This offering is made by a foreign issuer that is permitted, under a multijurisdictional disclosure system adopted by the United States, to prepare this prospectus in accordance with the disclosure requirements of its home country. Prospective investors should be aware that such requirements are different from those of the United States. Financial statements included or incorporated herein, if any, have been prepared in accordance with foreign generally accepted accounting principles, and may be subject to foreign auditing and auditor independence standards, and thus may not be comparable to financial statements of United States companies.

 

Prospective investors should be aware that the acquisition of the securities described herein may have tax consequences both in the United States and in the home country of the Registrant.
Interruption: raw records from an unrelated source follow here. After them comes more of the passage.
(* Let $K$ be a field, $R$ a connected $\mathbb N$-graded $K$-algebra, and let $A$ be a graded double Ore extension of $R$ with generators $x_1,x_2$, relation $x_2x_1=p_{12}x_1x_2+p_{11}x_1^2+\tau_1x_1+\tau_2x_2+\tau_0$, and maps $\sigma=(\sigma_{ij})$, $\delta$. Then $A$ is a graded skew PBW extension of $R$ (in $x_1,x_2$) if and only if $p_{12}\neq0$, $p_{11}=0$, $\sigma_{11}$ and $\sigma_{22}$ are automorphisms of $R$, and $\sigma_{12}(r)=\sigma_{21}(r)=0$ for all $r\in R$.
   Context: A graded algebra is connected if its degree-zero part is $K$. A $K$-algebra $B\supseteq R$ is a right double Ore extension of $R$ if it is generated by $R$ and $x_1,x_2$; $x_2x_1=p_{12}x_1x_2+p_{11}x_1^2+\tau_1x_1+\tau_2x_2+\tau_0$ with $p_{12},p_{11}\in K$, $\tau_i\in R$; $B$ is a free left $R$-module with basis $\{x_1^ax_2^b\}_{a,b\ge0}$; and $x_1R+x_2R\subseteq Rx_1+Rx_2+R$. The maps are defined by $x_ir=\sigma_{i1}(r)x_1+\sigma_{i2}(r)x_2+\delta_i(r)$. A left double Ore extension: generated by $R$ and $x_1,x_2$, $x_1x_2=p'_{12}x_2x_1+p'_{11}x_1^2+x_1\tau'_1+x_2\tau'_2+\tau'_0$ ($p'\in K$, $\tau'\in R$), free right $R$-module with basis $\{x_1^ax_2^b\}$, and $x_1R+x_2R\subseteq Rx_1+Rx_2+R$. A double Ore extension is both, with the same generators. Graded means all relations are homogeneous with $\deg x_1=\deg x_2=1$. A ring $A$ is a skew PBW extension of $R$ in $x_1,\dots,x_n$ if $R\subseteq A$; $A$ is a free left $R$-module on the monomials $x_1^{\alpha_1}\cdots x_n^{\alpha_n}$; for each $i$ and $r\ne0$ there is $c_{i,r}\in R\setminus\{0\}$ with $x_ir-c_{i,r}x_i\in R$; for all $i,j$ there is $c_{i,j}\in R\setminus\{0\}$ with $x_jx_i-c_{i,j}x_ix_j\in R+Rx_1+\cdots+Rx_n$; then $x_ir=\sigma_i(r)x_i+\delta_i(r)$ with $\sigma_i$ injective endomorphism, $\delta_i$ a $\sigma_i$-derivation. Bijective: all $\sigma_i$ bijective and $c_{i,j}$ invertible. Graded skew PBW extension: bijective, $R$ $\mathbb N$-graded, $\sigma_i$ graded, $\delta_i(R_m)\subseteq R_{m+1}$, $x_jx_i-c_{i,j}x_ix_j\in R_2+R_1x_1+\cdots+R_1x_n$ with $c_{i,j}\in R_0$. *)

theory Defs
  imports Main
begin

text \<open>Everything lives inside one ring A, modelled as the whole type 'a.
  R is a subring of A, K a central subfield contained in R (A is a K-algebra).\<close>

definition is_subring :: "'a::ring_1 set \<Rightarrow> bool" where
  "is_subring R \<longleftrightarrow> 0 \<in> R \<and> 1 \<in> R \<and>
     (\<forall>a\<in>R. \<forall>b\<in>R. a + b \<in> R \<and> a * b \<in> R \<and> - a \<in> R)"

definition central_subfield :: "'a::ring_1 set \<Rightarrow> bool" where
  "central_subfield K \<longleftrightarrow> (0::'a) \<noteq> 1 \<and> is_subring K \<and>
     (\<forall>a\<in>K. \<forall>b\<in>K. a * b = b * a) \<and>
     (\<forall>a\<in>K. a \<noteq> 0 \<longrightarrow> (\<exists>b\<in>K. a * b = 1)) \<and>
     (\<forall>k\<in>K. \<forall>a. k * a = a * k)"

definition connected_graded_algebra :: "'a::ring_1 set \<Rightarrow> 'a set \<Rightarrow> (nat \<Rightarrow> 'a set) \<Rightarrow> bool" where
  "connected_graded_algebra K R Rg \<longleftrightarrow> is_subring R \<and> K \<subseteq> R \<and>
     (\<forall>n. Rg n \<subseteq> R \<and> 0 \<in> Rg n \<and>
        (\<forall>a\<in>Rg n. \<forall>b\<in>Rg n. a + b \<in> Rg n \<and> - a \<in> Rg n) \<and>
        (\<forall>k\<in>K. \<forall>a\<in>Rg n. k * a \<in> Rg n)) \<and>
     (\<forall>m n. \<forall>a\<in>Rg m. \<forall>b\<in>Rg n. a * b \<in> Rg (m + n)) \<and>
     (\<forall>r\<in>R. \<exists>!f::nat \<Rightarrow> 'a. (\<forall>n. f n \<in> Rg n) \<and> finite {n. f n \<noteq> 0} \<and>
                          r = (\<Sum>n\<in>{n. f n \<noteq> 0}. f n)) \<and>
     Rg 0 = K"

definition free_left_basis :: "'a::ring_1 set \<Rightarrow> 'a \<Rightarrow> 'a \<Rightarrow> bool" where
  "free_left_basis R x1 x2 \<longleftrightarrow>
     (\<forall>a::'a. \<exists>!c::nat \<times> nat \<Rightarrow> 'a. (\<forall>ij. c ij \<in> R) \<and> finite {ij. c ij \<noteq> 0} \<and>
        a = (\<Sum>ij\<in>{ij. c ij \<noteq> 0}. c ij * x1 ^ fst ij * x2 ^ snd ij))"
Such consequences for investors who are resident in or citizens of, the United States may not be described fully herein.

 

The enforcement by investors of civil liabilities under the federal securities laws may be affected adversely by the fact that the Registrant is incorporated or organized under the laws of a foreign country, that some or all of its officers and directors may be residents of a foreign country, that some or all of the underwriters or experts named in the registration statement maybe residents of a foreign country, and that all or a substantial portion of the assets of the Registrant and said persons may be located outside the United States.

 

THESE SECURITIES HAVE NOT BEEN APPROVED OR DISAPPROVED BY THE SECURITIES AND EXCHANGE COMMISSION NOR HAS THE COMMISSION PASSED UPON THE ACCURACY OR ADEQUACY OF THIS PROSPECTUS. ANY REPRESENTATION TO THE CONTRARY IS A CRIMINAL OFFENSE.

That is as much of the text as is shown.